In August of 1969, Alan P. Osterhout, age 17, was arrested in Iosco County, Michigan. He was charged with breaking and entering two separate places of business* 1 *and the malicious destruction of property in one of them.2 Defendant, while represented by counsel, waived preliminary examination and, at his arraignment in circuit court, pled guilty. On October 2, 1969, he was sentenced to serve from two to ten years on each count of breaking and entering and four years for destruction of property.
Defendant now seeks to set aside his guilty plea, contending that it was not freely, voluntarily and knowingly made. He argues that the court failed to ascertain whether defense counsel had sufficiently discussed the possible defenses to the respective charges with his client. It is also argued that the requirements for accepting a guilty plea as set forth in People v. Taylor (1968), 9 Mich App 333, were not adhered to by the trial court.
The present situation is governed by GCR 1963, 785.3(2), which reads as follows:
“Imposing Sentence. If the accused pleads guilty, after such plea and before sentence the court shall inform the accused of the nature of the accusation and the consequence of his plea; and regardless of whether he is represented by counsel, the court shall examine the accused, not necessarily under oath, and as a condition of accepting the plea of guilty and imposing sentence shall ascertain that the plea was freely, understandingly, and voluntarily made, *240without undue influence, under compulsion, or duress, and without promise of leniency. Unless the court determines that the plea of guilty was so made, it shall not be accepted.”
During the proceedings, defense counsel informed the court as follows:
“I have fully covered the charges with Mr. Osterhout, and the possibilities that are included in those charges.”
No contradiction to this statement was made by defendant who had ample opportunity to dispute it or to raise any question. Thereafter, the court advised defendant of his right to deny the charges, to be tried by a jury, to testify on his own behalf, to call and cross-examine witnesses, and that he was presumed innocent until proven otherwise. Nevertheless, defendant chose to plead guilty to all three counts. He admitted entering the business establishments and committing the acts of destruction. The following colloquy between defendant and the court discloses the requisite intent as well as the reason for so pleading:
“The Court: You had the thought of stealing something to eat at the time you entered?
“Defendant: Yes.
“The Court: You are pleading guilty because you know you are guilty?
“Defendant: Yes, sir.”
There is nothing in the colloquy between the court and defendant regarding the events preceding and at the time of the crime which suggests that defendant may have a good defense. Defendant was represented by counsel at all stages of the proceedings below and the question of intoxication was never raised. The record reveals no mention of intoxication or claimed impairment and there was no duty on the court to bring it up. Defendant’s own ad*241missions foreclose any donbt regarding intent as well as the truth of the plea. A review of the record establishes a substantial factual basis for the plea. People v. Seifert (1969), 17 Mich App 187; People v. Donald T. Moore (1970), 21 Mich App 150.

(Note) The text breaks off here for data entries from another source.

theorem mainTheorem9:
  fixes X :: "'a topology"
  assumes "tychonoff_space X"
  shows "(\<forall>f \<in> topspace (Cp X). S1 (Gamma_pt (Cp X) f) (Gamma_pt (Cp X) f))
         \<longleftrightarrow> S1 (Gamma_F X) (Gamma_open X)"
proof
  assume "\<forall>f \<in> topspace (Cp X). S1 (Gamma_pt (Cp X) f) (Gamma_pt (Cp X) f)"
  then show "S1 (Gamma_F X) (Gamma_open X)"
    using Cp_zero_in_topspace S1_Gamma_pt_Cp_zero_imp_S1_Gamma_F by blast
next
  assume "S1 (Gamma_F X) (Gamma_open X)"
  then show "\<forall>f \<in> topspace (Cp X). S1 (Gamma_pt (Cp X) f) (Gamma_pt (Cp X) f)"
    using S1_Gamma_F_imp_S1_Gamma_pt_Cp by blast
qed

end
(* For $m>0$ consider the soft second-price mechanism on $n$ users with bids $\mathbf b=(b_1,\dots,b_n)$: \[a_i(\mathbf b)=\frac{e^{mb_i}}{\sum_{j=1}^n e^{mb_j}},\qquad p_i(\mathbf b)=b_i-\frac{\sum_{j=1}^n e^{mb_j}}{m e^{mb_i}}\ln\frac{\sum_{j=1}^n e^{mb_j}}{1+\sum_{j\ne i}e^{mb_j}}.\] Suppose the bids are distinct and lie in $(0,1)$, and let $b_{(1)}>b_{(2)}>\cdots>b_{(n)}$ be the bids in decreasing order. Then \[\lim_{m\to+\infty}a_i(\mathbf b)=\begin{cases}1,&b_i=b_{(1)}\\0,&b_i\ne b_{(1)}\end{cases},\qquad \lim_{m\to+\infty}p_i(\mathbf b)=\min\{b_i,b_{(2)}\}.\] *)

theory Defs
  imports Complex_Main
begin

text \<open>Users are indexed by 0, ..., n-1; bids are a function b :: nat => real.\<close>

definition soft_alloc :: "nat \<Rightarrow> real \<Rightarrow> (nat \<Rightarrow> real) \<Rightarrow> nat \<Rightarrow> real" where
  "soft_alloc n m b i = exp (m * b i) / (\<Sum>j<n. exp (m * b j))"

definition soft_pay :: "nat \<Rightarrow> real \<Rightarrow> (nat \<Rightarrow> real) \<Rightarrow> nat \<Rightarrow> real" where
  "soft_pay n m b i = b i - (\<Sum>j<n. exp (m * b j)) / (m * exp (m * b i)) *
     ln ((\<Sum>j<n. exp (m * b j)) / (1 + (\<Sum>j\<in>{..<n} - {i}. exp (m * b j))))"

definition top_bid :: "nat \<Rightarrow> (nat \<Rightarrow> real) \<Rightarrow> real" where
  "top_bid n b = Max (b ` {..<n})"
lemma ident_cond_sym:
  assumes "chart_index s" "chart_index t" "ident_cond s x t y"
  shows "ident_cond t y s x"
proof -
  obtain \<alpha> U \<beta> V where s: "s = (\<alpha>, U)" and t: "t = (\<beta>, V)" by fastforce
  have \<alpha>: "is_chart \<alpha>" and \<beta>: "is_chart \<beta>"
    using assms(1,2) unfolding s t chart_index_def by simp_all
  show ?thesis
    using assms(3) same_point_sym bequiv_sym unfolding s t ident_cond_iff[OF \<alpha>] ident_cond_iff[OF \<beta>]
    by blast
qed

text \<open>Transitivity: an interior middle point forces both links to be interior, a boundary
  middle point forces both links to be boundary links.\<close>

lemma ident_cond_trans:
  assumes "chart_index s" "chart_index t" "chart_index u"
    and "ident_cond s x t y" "ident_cond t y u z"
  shows "ident_cond s x u z"
proof -
  obtain \<alpha> U \<beta> V \<gamma> W where s: "s = (\<alpha>, U)" and t: "t = (\<beta>, V)" and u: "u = (\<gamma>, W)"
    by fastforce
  have \<alpha>: "is_chart \<alpha>" and \<beta>: "is_chart \<beta>"
    using assms(1,2) unfolding s t chart_index_def by simp_all
  show ?thesis
  proof (cases "y \<in> ran \<beta>")
    case True
    then have "y \<notin> rel_bdry V (ran \<beta>)" using rel_bdry_outside_ran assms(2) t by blast
    then have "same_point \<alpha> \<beta> x y" "same_point \<beta> \<gamma> y z"
      using assms(4,5) unfolding s t u ident_cond_iff[OF \<alpha>] ident_cond_iff[OF \<beta>] by auto
    then show ?thesis unfolding s u ident_cond_iff[OF \<alpha>] by (blast intro: same_point_trans[OF \<beta>])
  next
    case False
    then have "\<not> same_point \<alpha> \<beta> x y" "\<not> same_point \<beta> \<gamma> y z"
      using same_point_ran by blast+
    then have "x \<in> rel_bdry U (ran \<alpha>) \<and> bequiv (\<alpha>, U, {x}) (\<beta>, V, {y})"
      "z \<in> rel_bdry W (ran \<gamma>) \<and> bequiv (\<beta>, V, {y}) (\<gamma>, W, {z})"
      using assms(4,5) unfolding s t u ident_cond_iff[OF \<alpha>] ident_cond_iff[OF \<beta>] by blast+
    then show ?thesis unfolding s u ident_cond_iff[OF \<alpha>] using bequiv_trans by blast
  qed
qed
text \<open>Allowability forces the splitting path to run, at every node, through the first or the last
  child; undoing the corresponding rotations recovers \<open>s\<close> from the graft of its two halves.\<close>

lemma allowable_rtranclp_rot_graft_cuts:
  "valid s \<Longrightarrow> i < nleaves s \<Longrightarrow> allowable i s \<Longrightarrow> rot\<^sup>*\<^sup>* s (graft (lcut i s) (rcut i s))"
proof (induction s arbitrary: i)
  case (Node cs)
  from Node.prems(1,2) obtain pre c post i' where h: "cs = pre @ c # post" "i' < nleaves c"
    "lcut i (Node cs) = mk (pre @ [lcut i' c])" "rcut i (Node cs) = mk (rcut i' c # post)"
    "pre \<noteq> [] \<or> post \<noteq> []" "valid c"
    by (rule lcut_rcut_Node)
  have "ideg c \<le> ideg (lcut i' c) + ideg (rcut i' c)" using ideg_le_ideg_cuts h by auto
  with Node.prems h have "allowable i' c" and one_side: "pre = [] \<or> post = []"
    unfolding allowable_def by (auto simp: mk_eq split: if_splits)
  then have IH: "rot\<^sup>*\<^sup>* c (graft (lcut i' c) (rcut i' c))" using Node.IH[of c i'] h by auto
  show ?case
  proof (cases "pre = []")
    case True
    with h have "graft (lcut i (Node cs)) (rcut i (Node cs)) = Node (graft (lcut i' c) (rcut i' c) # post)"
      by (simp add: mk_eq)
    then show ?thesis using rtranclp_rot_Node_child[OF IH, of "[]" post] h True by simp
  next
    case False
    with one_side h have "graft (lcut i (Node cs)) (rcut i (Node cs)) = graft (Node (pre @ [lcut i' c])) (rcut i' c)"
      by (simp add: mk_eq)
    moreover have "rot\<^sup>*\<^sup>* (Node (pre @ [c])) (Node (pre @ [graft (lcut i' c) (rcut i' c)]))"
      using rtranclp_rot_Node_child[OF IH, of pre "[]"] by simp
    moreover have "valid (rcut i' c)" using valid_rcut h by auto
    ultimately show ?thesis
      using rtranclp_rot_Node_snoc_graft[OF False] one_side h False by (metis rtranclp_trans)
  qed
qed simp
lemma axis_one_nonneg: "0 \<le> axis i (1::real) $ j"
  by (simp add: axis_def)

lemma trace_inv_eq_sum: "trace_inv S = (\<Sum>i\<in>UNIV. solve S (axis i 1) $ i)"
  unfolding trace_inv_def trace_def solve_def by (simp add: matrix_vector_mult_basis column_def)

lemma trace_inv_nonneg: "S \<noteq> {} \<Longrightarrow> 0 \<le> trace_inv S"
  unfolding trace_inv_eq_sum by (intro sum_nonneg solve_nonneg axis_one_nonneg)

lemma trace_inv_antimono: "S \<noteq> {} \<Longrightarrow> S \<subseteq> T \<Longrightarrow> trace_inv T \<le> trace_inv S"
  unfolding trace_inv_eq_sum by (intro sum_mono solve_antimono axis_one_nonneg)

lemma solve_axis_sym:
  assumes "S \<noteq> {}"
  shows "solve S (axis i 1) $ x = solve S (axis x 1) $ i"
proof -
  let ?Q = "QS E \<kappa> S" and ?u = "solve S (axis i 1)" and ?v = "solve S (axis x 1)"
  have "?u $ x = inner ?u (?Q *v ?v)"
    by (simp add: QS_solve[OF assms] cart_eq_inner_axis)
  also have "\<dots> = inner (?Q *v ?u) ?v"
    by (metis dot_lmul_matrix transpose_matrix_vector transpose_QS[OF undirected])
  also have "\<dots> = ?v $ i"
    by (simp add: QS_solve[OF assms] cart_eq_inner_axis inner_commute)
  finally show ?thesis .
qed

lemma solve_axis_self_pos:
  assumes S: "S \<noteq> {}" and x: "x \<notin> S"
  shows "0 < solve S (axis x 1) $ x"
proof (rule ccontr)
  let ?a = "solve S (axis x 1)"
  assume "\<not> 0 < ?a $ x"
  moreover have nonneg: "0 \<le> ?a $ j" for j
    by (intro solve_nonneg[OF S] axis_one_nonneg)
  ultimately have "?a $ x = 0"
    by (simp add: order.antisym)
  then have "(\<Sum>j\<in>{l. E x l}. ?a $ x - ?a $ j) \<le> 0"
    using nonneg by (intro sum_nonpos) simp
  moreover have "(QS E \<kappa> S *v ?a) $ x = 1"
    by (simp add: QS_solve[OF S])
  moreover have "(QS E \<kappa> S *v ?a) $ x = (\<Sum>j\<in>{l. E x l}. ?a $ x - ?a $ j)"
    using x by (simp add: QS_mult_vec_nth)
  ultimately show False
    by linarith
qed

text \<open>Sherman--Morrison: \<open>Q\<^bsub>S+x\<^esub> = Q\<^sub>S + \<kappa>\<^sub>x e\<^sub>x e\<^sub>x\<^sup>T\<close> is a rank-one update.\<close>

lemma solve_insert:
  assumes A: "A \<noteq> {}" and x: "x \<notin> A"
  shows "solve (insert x A) b
    = solve A b - (\<kappa> x * solve A b $ x / (1 + \<kappa> x * solve A (axis x 1) $ x)) *s solve A (axis x 1)"
proof (rule solve_unique)
  let ?a = "solve A (axis x 1)" and ?y = "solve A b"
  define c where "c = \<kappa> x * ?y $ x / (1 + \<kappa> x * ?a $ x)"
  have "0 < 1 + \<kappa> x * ?a $ x"
    using solve_axis_self_pos[OF A x] kappa_pos[of x] by (simp add: add_pos_pos)
  then have c: "\<kappa> x * (?y $ x - c * ?a $ x) = c"
    unfolding c_def by (simp add: field_simps)
  have "(QS E \<kappa> (insert x A) *v (?y - c *s ?a)) $ i = b $ i" for i
  proof -
    have "QS E \<kappa> A *v (?y - c *s ?a) = b - c *s axis x 1"
      by (simp add: matrix_vector_mult_diff_distrib scalar_mult_eq_scaleR matrix_vector_mult_scaleR
          QS_solve[OF A])
    then have "(QS E \<kappa> (insert x A) *v (?y - c *s ?a)) $ i
        = (b - c *s axis x 1) $ i + (if i = x then \<kappa> x * (?y $ x - c * ?a $ x) else 0)"
      using QS_mult_vec_nth_mono[OF subset_insertI, where y = "?y - c *s ?a" and i = i] x by simp
    then show ?thesis
      using c by (simp add: axis_def)
  qed
  then show "QS E \<kappa> (insert x A) *v (?y - c *s ?a) = b"
    by (simp add: vec_eq_iff)
qed simp

definition trace_gain :: "'n set \<Rightarrow> 'n \<Rightarrow> real" where
  "trace_gain A x = \<kappa> x * (\<Sum>i\<in>UNIV. (solve A (axis x 1) $ i)\<^sup>2) / (1 + \<kappa> x * solve A (axis x 1) $ x)"

lemma trace_inv_insert:
  assumes A: "A \<noteq> {}" and x: "x \<notin> A"
  shows "trace_inv A - trace_inv (insert x A) = trace_gain A x"
proof -
  let ?a = "solve A (axis x 1)"
  have "solve A (axis i 1) $ i - solve (insert x A) (axis i 1) $ i
      = \<kappa> x * (?a $ i)\<^sup>2 / (1 + \<kappa> x * ?a $ x)" for i
    using solve_insert[OF A x, of "axis i 1"] solve_axis_sym[OF A, of i x] by (simp add: power2_eq_square)
  then have "trace_inv A - trace_inv (insert x A) = (\<Sum>i\<in>UNIV. \<kappa> x * (?a $ i)\<^sup>2 / (1 + \<kappa> x * ?a $ x))"
    unfolding trace_inv_eq_sum sum_subtractf[symmetric] by simp
  then show ?thesis
    unfolding trace_gain_def by (simp add: sum_divide_distrib sum_distrib_left)
qed

lemma solve_axis_ratio_antimono:
  assumes A: "A \<noteq> {}" and AB: "A \<subseteq> B" and x: "x \<notin> B"
  shows "solve B (axis x 1) $ i / solve B (axis x 1) $ x \<le> solve A (axis x 1) $ i / solve A (axis x 1) $ x"
proof -
  let ?a = "solve A (axis x 1)" and ?b = "solve B (axis x 1)"
  let ?z = "(1 / ?a $ x) *s ?a - (1 / ?b $ x) *s ?b"
  have B: "B \<noteq> {}"
    using A AB by auto
  have ax: "0 < ?a $ x" and bx: "0 < ?b $ x"
    using solve_axis_self_pos[OF A] solve_axis_self_pos[OF B x] x AB by auto
  have "0 \<le> (QS E \<kappa> B *v ?z) $ j \<or> 0 \<le> ?z $ j" for j
  proof (cases "j = x")
    case True
    then show ?thesis
      using ax bx by simp
  next
    case False
    then have "(QS E \<kappa> B *v ?z) $ j = (1 / ?a $ x) * (if j \<in> B - A then \<kappa> j * ?a $ j else 0)"
      using QS_mult_vec_nth_mono[OF AB, of E \<kappa> ?a j]
      by (simp add: matrix_vector_mult_diff_distrib scalar_mult_eq_scaleR matrix_vector_mult_scaleR
          QS_solve A B axis_def)
    moreover have "0 \<le> ?a $ j"
      by (intro solve_nonneg[OF A] axis_one_nonneg)
    ultimately show ?thesis
      using ax kappa_pos[of j] by simp
  qed
  then have "0 \<le> ?z $ i"
    by (rule min_principle[OF B])
  then show ?thesis
    by simp
qed

lemma trace_gain_eq_ratio:
  assumes "0 < solve C (axis x 1) $ x"
  shows "trace_gain C x = \<kappa> x * (solve C (axis x 1) $ x)\<^sup>2 / (1 + \<kappa> x * solve C (axis x 1) $ x)
    * (\<Sum>i\<in>UNIV. (solve C (axis x 1) $ i / solve C (axis x 1) $ x)\<^sup>2)"
  using assms unfolding trace_gain_def by (simp add: power_divide sum_divide_distrib[symmetric])

lemma trace_gain_antimono:
  assumes A: "A \<noteq> {}" and AB: "A \<subseteq> B" and x: "x \<notin> B"
  shows "trace_gain B x \<le> trace_gain A x"
proof -
  let ?a = "solve A (axis x 1)" and ?b = "solve B (axis x 1)"
  have B: "B \<noteq> {}"
    using A AB by auto
  have ax: "0 < ?a $ x" and bx: "0 < ?b $ x"
    using solve_axis_self_pos[OF A] solve_axis_self_pos[OF B x] x AB by auto
  have "\<kappa> x * (?b $ x)\<^sup>2 / (1 + \<kappa> x * ?b $ x) \<le> \<kappa> x * (?a $ x)\<^sup>2 / (1 + \<kappa> x * ?a $ x)"
    using square_div_one_plus_mono[OF kappa_pos bx] solve_antimono[OF A AB axis_one_nonneg] by blast
  moreover have "(\<Sum>i\<in>UNIV. (?b $ i / ?b $ x)\<^sup>2) \<le> (\<Sum>i\<in>UNIV. (?a $ i / ?a $ x)\<^sup>2)"
  proof (rule sum_mono)
    fix i
    have "0 \<le> ?b $ i / ?b $ x"
      using bx solve_nonneg[OF B axis_one_nonneg] by simp
    then show "(?b $ i / ?b $ x)\<^sup>2 \<le> (?a $ i / ?a $ x)\<^sup>2"
      using solve_axis_ratio_antimono[OF A AB x, of i] by (simp add: power_mono)
  qed
  moreover have "0 \<le> \<kappa> x * (?a $ x)\<^sup>2 / (1 + \<kappa> x * ?a $ x)"
    using kappa_pos[of x] ax by (simp add: add_pos_pos)
  ultimately show ?thesis
    unfolding trace_gain_eq_ratio[OF ax] trace_gain_eq_ratio[OF bx] by (intro mult_mono sum_nonneg) auto
qed

lemma trace_inv_supermodular:
  assumes A: "A \<noteq> {}" and AB: "A \<subseteq> B" and x: "x \<notin> B"
  shows "trace_inv B - trace_inv (insert x B) \<le> trace_inv A - trace_inv (insert x A)"
proof -
  have "B \<noteq> {}" and "x \<notin> A"
    using assms by auto
  then show ?thesis
    using trace_gain_antimono[OF assms] trace_inv_insert[OF A] trace_inv_insert[of B x] x by simp
qed

lemma trace_inv_union_decrease_le:
  assumes S: "S \<noteq> {}" and disj: "S \<inter> T = {}"
  shows "trace_inv S - trace_inv (S \<union> T) \<le> (\<Sum>u\<in>T. trace_inv S - trace_inv (insert u S))"
proof -
  have "finite T"
    by simp
  then show ?thesis
    using disj
  proof (induction T rule: finite_induct)
    case empty
    then show ?case
      by simp
  next
    case (insert t T)
    have "trace_inv S - trace_inv (S \<union> insert t T)
        = (trace_inv S - trace_inv (S \<union> T)) + (trace_inv (S \<union> T) - trace_inv (insert t (S \<union> T)))"
      by simp
    also have "\<dots> \<le> (\<Sum>u\<in>T. trace_inv S - trace_inv (insert u S)) + (trace_inv S - trace_inv (insert t S))"
      using insert trace_inv_supermodular[OF S, of "S \<union> T" t] by (intro add_mono) auto
    finally show ?case
      using insert by simp
  qed
qed

definition swap_optimal :: "'n set \<Rightarrow> bool" where
  "swap_optimal S \<longleftrightarrow> (\<forall>s\<in>S. \<forall>u. u \<notin> S \<longrightarrow> trace_inv S \<le> trace_inv (S \<union> {u} - {s}))"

Defendant improperly relies upon People v. Taylor, supra,3 for it is not authority for the procedure to be employed in guilty plea proceedings. Presently, there is no requirement that the trial judge sua sponte inquire whether defendant had previously offered an out-of-court confession as the defense suggests. People v. Kinsman (1970), 21 Mich App 242; People v. Lucy (1970), 21 Mich App 252. A trial court is required to comply with the Court rule cited supra, which demands reasonable ascertainment of the truth of the plea. People v. Barrows (1959), 358 Mich 267; People v. Bartlett (1969), 17 Mich App 205.
An examination of the record in the present case demonstrates that defendant’s plea was freely, voluntarily and knowingly made. The truth of the plea was ascertained and it was accepted in accordance with the court rule. Furthermore, there is no evidence that a miscarriage of justice has resulted. People v. Winegar (1968), 380 Mich 719; People v. Dunn (1968), 380 Mich 693.
Defendant also contends that the sentences imposed by the trial court were excessive, and an abuse of discretion, in view of his youth. The respective sentences were within the maximum prescribed by statute. This Court will not review a punishment when it conforms to the penalty provided by law. People v. Pate (1966), 2 Mich App 66; People v. Jew (1970), 21 Mich App 408.
Affirmed.
MCLA § 750.110 (Stat Ann 1970 Cum Supp § 28.305).
MOLA § 750.377a (Stat Ann 1970 Cum Supp § 28.609[1]).